Third parties are involved in about 80 percent of all Foreign Corrupt Practices Act (FCPA) enforcement actions, so it’s no wonder there has been such a clamor for Compliance Week and FRA to add a second third-party risk management conference to our event slate.
In addition to our annual TPRM Summit in New York each March, we’re debuting a TPRM Summit on the West Coast, in San Francisco, from Dec. 9-10. Our agenda features a keynote from former chief of the Securities and Exchange Commission’s (SEC) FCPA Unit Kara Brockmeyer, who will discuss how the government’s expectations for third-party vetting and monitoring have changed and how to design a best-in-class TPRM program. The two-day program also includes sessions with TPRM experts from some of the world’s most influential companies: Google, Microsoft, Uber, Wells Fargo, and SAP, to name a few.
Working with third parties is one of the biggest blind spots in a company’s risk matrix today—especially large, public companies with complicated and extensive international supply chains and outsourced services. The bigger the organization, the more third parties are likely involved in operations. And the more third parties that are relied upon, the bigger the risk for the business if one of them skirts the rules or proves to be the weak link in a growing chain.
These startling survey results tell a troubling story about the rate of businesses’ subcontracting outpacing their ability to properly vet and monitor each individual vendor:
- According to a recent survey conducted jointly by CW and Aravo, 18 percent of respondents indicated their companies work with more than 1,000 third parties, and another 16 percent said they work with more than 10,000 third parties. Try managing that with an Excel spreadsheet. You need a robust, fully mature, technologically enabled program in place to deal with vetting and monitoring that many partners.
- So how many of those same respondents indicated their TPRM programs are mature? Just 6 percent, with an additional 50 percent describing their program as “evolving.” Most troubling is that about 18 percent of respondents called their program “fragmented.” A fragmented solution is not going to jive with regulators. Not in 2019.
- So companies must be pumping money and resources into beefing up their TPRM programs, now that it’s been flagged as such a big risk both by regulators and the business community at large, right? Not so much. According to a recent Deloitte survey, 70 percent of organizations believe they are underinvested in TPRM.
Don’t consider these numbers a scare tactic but rather an eye-opening indication of a mismatch between resources that are needed and resources that are currently being dedicated to a growing risk area.
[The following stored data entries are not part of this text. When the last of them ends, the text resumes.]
(* Let $r \in \mathbb{T}$ (the unit circle) and let $\varphi_r:\mathbb{D}\to\mathbb{D}$ be given by $\varphi_r(z)=rz$. Let $C_{\varphi_r}f = f\circ\varphi_r$. Then: (1) $\sigma_{pt}(C_{\varphi_r}, H(\mathbb{D})) = \{ r^n : n=0,1,2,\dots\}$. (2) $\sigma^*(C_{\varphi_r}, H(\mathbb{D})) \subseteq \mathbb{T}$, and also $\sigma^*(C_{\varphi_r}, H_0(\mathbb{D})) \subseteq \mathbb{T}$. (3) If $r$ is a root of unity and $m$ is the least positive integer with $r^m=1$, then $\sigma(C_{\varphi_r}, H(\mathbb{D})) = \sigma^*(C_{\varphi_r}, H(\mathbb{D})) = \sigma_{pt}(C_{\varphi_r}, H(\mathbb{D})) = \{1,r,r^2,\dots,r^{m-1}\}$, and $\ker(C_{\varphi_r}-r^jI)$ is infinite dimensional for each $j=0,\dots,m-1$. The same statements hold with $H_0(\mathbb{D})$ in place of $H(\mathbb{D})$. (4) If $r$ is not a root of unity, then $\sigma_{pt}(C_{\varphi_r}, H_0(\mathbb{D})) = \{ r^n : n=1,2,\dots\}$ and $\overline{\sigma(C_{\varphi_r}, H_0(\mathbb{D}))} = \sigma^*(C_{\varphi_r}, H_0(\mathbb{D})) = \mathbb{T}$; moreover $\sigma^*(C_{\varphi_r}, H(\mathbb{D})) = \mathbb{T}$.
   Context: $\mathbb{D}$ is the open unit disc and $\mathbb{T}$ the unit circle. $H(\mathbb{D})$ is the space of all analytic functions on $\mathbb{D}$ with the Fréchet topology of uniform convergence on compact subsets; $H_0(\mathbb{D})=\{f\in H(\mathbb{D}): f(0)=0\}$ with the induced topology (it is invariant under $C_{\varphi_r}$). For a continuous linear operator $T$ on a Fréchet space $X$: the resolvent set $\rho(T;X)$ is the set of $\lambda\in\mathbb{C}$ such that $\lambda I - T$ is bijective with continuous inverse $R(\lambda,T)=(\lambda I-T)^{-1}$; the spectrum is $\sigma(T;X)=\mathbb{C}\setminus\rho(T;X)$; the point spectrum $\sigma_{pt}(T;X)$ is the set of $\lambda$ with $\lambda I-T$ not injective. $\rho^*(T;X)$ is the set of $\lambda\in\mathbb{C}$ for which there is $\delta>0$ with $\{z:|z-\lambda|<\delta\}\subseteq\rho(T;X)$ and $\{R(\mu,T): |\mu-\lambda|<\delta\}$ equicontinuous; the Waelbroeck spectrum is $\sigma^*(T;X)=\mathbb{C}\setminus\rho^*(T;X)$. *)

theory Defs
  imports "HOL-Analysis.Analysis"
begin

text \<open>Elements of H(D) are represented by functions complex => complex that are
holomorphic on the open unit disc and (as a normalisation making the representation
unique) vanish outside the disc.\<close>

definition hol_disc :: "(complex \<Rightarrow> complex) set" where
  "hol_disc = {f. f holomorphic_on ball 0 1 \<and> (\<forall>z. z \<notin> ball 0 1 \<longrightarrow> f z = 0)}"

definition hol0_disc :: "(complex \<Rightarrow> complex) set" where
  "hol0_disc = {f \<in> hol_disc. f 0 = 0}"

definition comp_rot :: "complex \<Rightarrow> (complex \<Rightarrow> complex) \<Rightarrow> (complex \<Rightarrow> complex)" where
  "comp_rot r f = (\<lambda>z. if z \<in> ball 0 1 then f (r * z) else 0)"

text \<open>Fundamental system of seminorms for the topology of uniform convergence on
compact subsets of the disc: sup over the closed discs of radius rho < 1.\<close>
definition sup_on :: "real \<Rightarrow> (complex \<Rightarrow> complex) \<Rightarrow> real" where
  "sup_on \<rho> f = (SUP z\<in>cball 0 \<rho>. norm (f z))"

definition cont_op :: "(complex \<Rightarrow> complex) set \<Rightarrow> ((complex \<Rightarrow> complex) \<Rightarrow> (complex \<Rightarrow> complex)) \<Rightarrow> bool" where
  "cont_op X T \<longleftrightarrow> (\<forall>\<rho>\<in>{0<..<1}. \<exists>\<rho>'\<in>{0<..<1}. \<exists>C. \<forall>f\<in>X. sup_on \<rho> (T f) \<le> C * sup_on \<rho>' f)"

definition equicont_ops :: "(complex \<Rightarrow> complex) set \<Rightarrow> ((complex \<Rightarrow> complex) \<Rightarrow> (complex \<Rightarrow> complex)) set \<Rightarrow> bool" where
  "equicont_ops X Ts \<longleftrightarrow> (\<forall>\<rho>\<in>{0<..<1}. \<exists>\<rho>'\<in>{0<..<1}. \<exists>C. \<forall>T\<in>Ts. \<forall>f\<in>X. sup_on \<rho> (T f) \<le> C * sup_on \<rho>' f)"

definition shift_op :: "complex \<Rightarrow> ((complex \<Rightarrow> complex) \<Rightarrow> (complex \<Rightarrow> complex)) \<Rightarrow> (complex \<Rightarrow> complex) \<Rightarrow> (complex \<Rightarrow> complex)" where
  "shift_op l T f = (\<lambda>z. l * f z - T f z)"

definition resolvent_op where
  "resolvent_op X T l = inv_into X (shift_op l T)"

definition resolvent_set :: "(complex \<Rightarrow> complex) set \<Rightarrow> ((complex \<Rightarrow> complex) \<Rightarrow> (complex \<Rightarrow> complex)) \<Rightarrow> complex set" where
  "resolvent_set X T = {l. bij_betw (shift_op l T) X X \<and> cont_op X (resolvent_op X T l)}"

definition spec :: "(complex \<Rightarrow> complex) set \<Rightarrow> ((complex \<Rightarrow> complex) \<Rightarrow> (complex \<Rightarrow> complex)) \<Rightarrow> complex set" where
  "spec X T = UNIV - resolvent_set X T"

definition point_spec :: "(complex \<Rightarrow> complex) set \<Rightarrow> ((complex \<Rightarrow> complex) \<Rightarrow> (complex \<Rightarrow> complex)) \<Rightarrow> complex set" where
  "point_spec X T = {l. \<not> inj_on (shift_op l T) X}"

definition resolvent_star :: "(complex \<Rightarrow> complex) set \<Rightarrow> ((complex \<Rightarrow> complex) \<Rightarrow> (complex \<Rightarrow> complex)) \<Rightarrow> complex set" where
  "resolvent_star X T = {l. \<exists>\<delta>>0. ball l \<delta> \<subseteq> resolvent_set X T \<and>
      equicont_ops X (resolvent_op X T ` ball l \<delta>)}"

definition waelbroeck_spec :: "(complex \<Rightarrow> complex) set \<Rightarrow> ((complex \<Rightarrow> complex) \<Rightarrow> (complex \<Rightarrow> complex)) \<Rightarrow> complex set" where
  "waelbroeck_spec X T = UNIV - resolvent_star X T"

definition kernel_of :: "(complex \<Rightarrow> complex) set \<Rightarrow> ((complex \<Rightarrow> complex) \<Rightarrow> (complex \<Rightarrow> complex)) \<Rightarrow> (complex \<Rightarrow> complex) set" where
  "kernel_of X S = {f \<in> X. S f = (\<lambda>z. 0)}"

definition infinite_dimensional :: "(complex \<Rightarrow> complex) set \<Rightarrow> bool" where
  "infinite_dimensional K \<longleftrightarrow> (\<forall>n. \<exists>fs :: nat \<Rightarrow> complex \<Rightarrow> complex.
      (\<forall>i<n. fs i \<in> K) \<and>
      (\<forall>c :: nat \<Rightarrow> complex. (\<lambda>z. \<Sum>i<n. c i * fs i z) = (\<lambda>z. 0) \<longrightarrow> (\<forall>i<n. c i = 0)))"

end

theory Submission
  imports Defs "HOL-Complex_Analysis.Cauchy_Integral_Formula" "HOL-Computational_Algebra.Polynomial"
begin

text \<open>
  Comparing Taylor coefficients at 0 in f (r z) = l f z shows that every eigenvalue of C_r is a
  power r^n, and z^n is an eigenfunction for r^n (lying in H_0 when n >= 1). Off these values
  l I - C_r is inverted explicitly, with every seminorm sup_{|z| <= rho} |h z| of the solution
  bounded by a constant times that of the right-hand side: by a Neumann series when |l| <> 1,
  and by a finite geometric sum in C_r when r^m = 1 <> l^m. The constants depend continuously on
  l, so the resolvents are equicontinuous near l and l lies outside the Waelbroeck spectrum. Thus
  the Waelbroeck spectrum lies in the unit circle, and in {l. l^m = 1} = {1, r, ..., r^(m-1)} if
  r is a primitive m-th root of unity; this set is already contained in the point spectrum. If r
  is not a root of unity, its powers are dense in the circle by Kronecker's theorem, so the circle
  lies in the closure of the point spectrum, hence in the (closed) Waelbroeck spectrum.
\<close>

lemma hol_discI:
  assumes "f holomorphic_on ball 0 1" and "\<And>z. z \<notin> ball 0 1 \<Longrightarrow> f z = 0"
  shows "f \<in> hol_disc"
  using assms by (simp add: hol_disc_def)

lemma hol_discD:
  assumes "f \<in> hol_disc"
  shows "f holomorphic_on ball 0 1" and "z \<notin> ball 0 1 \<Longrightarrow> f z = 0"
  using assms by (simp_all add: hol_disc_def)

lemma hol0_disc_subset: "hol0_disc \<subseteq> hol_disc"
  by (auto simp: hol0_disc_def)

lemma restrict_disc_in_hol_disc:
  assumes "f holomorphic_on ball 0 1"
  shows "(\<lambda>z. if z \<in> ball 0 1 then f z else 0) \<in> hol_disc"
proof (rule hol_discI)
  show "(\<lambda>z. if z \<in> ball 0 1 then f z else 0) holomorphic_on ball 0 1"
    using assms by (rule holomorphic_transform) simp
qed simp

lemma diff_in_hol_discs:
  assumes "X \<in> {hol_disc, hol0_disc}" and "f \<in> X" and "g \<in> X"
  shows "(\<lambda>z. f z - g z) \<in> X"
  using assms by (auto simp: hol0_disc_def hol_disc_def intro: holomorphic_intros)

lemma mult_in_cball:
  fixes s z :: complex
  assumes "norm s \<le> 1" and "z \<in> cball 0 \<rho>"
  shows "s * z \<in> cball 0 \<rho>"
  using assms mult_left_le_one_le[of "norm z" "norm s"] by (simp add: norm_mult)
It’s clear third-party screening, training, and ongoing monitoring and due diligence is not something you can tackle alone. And it’s not hard to argue the value of technology tools and services to your board of directors, especially in the context of the potential financial and reputational harm that could come, should one of your vendors prove to be on a sanctions watch list or on a Politically Exposed Persons database, and it goes unnoticed.
The point is, you need help managing your third parties, and over the course of two days in San Francisco, we hope to help you find the answers to the questions that keep TPRM stakeholders up at night.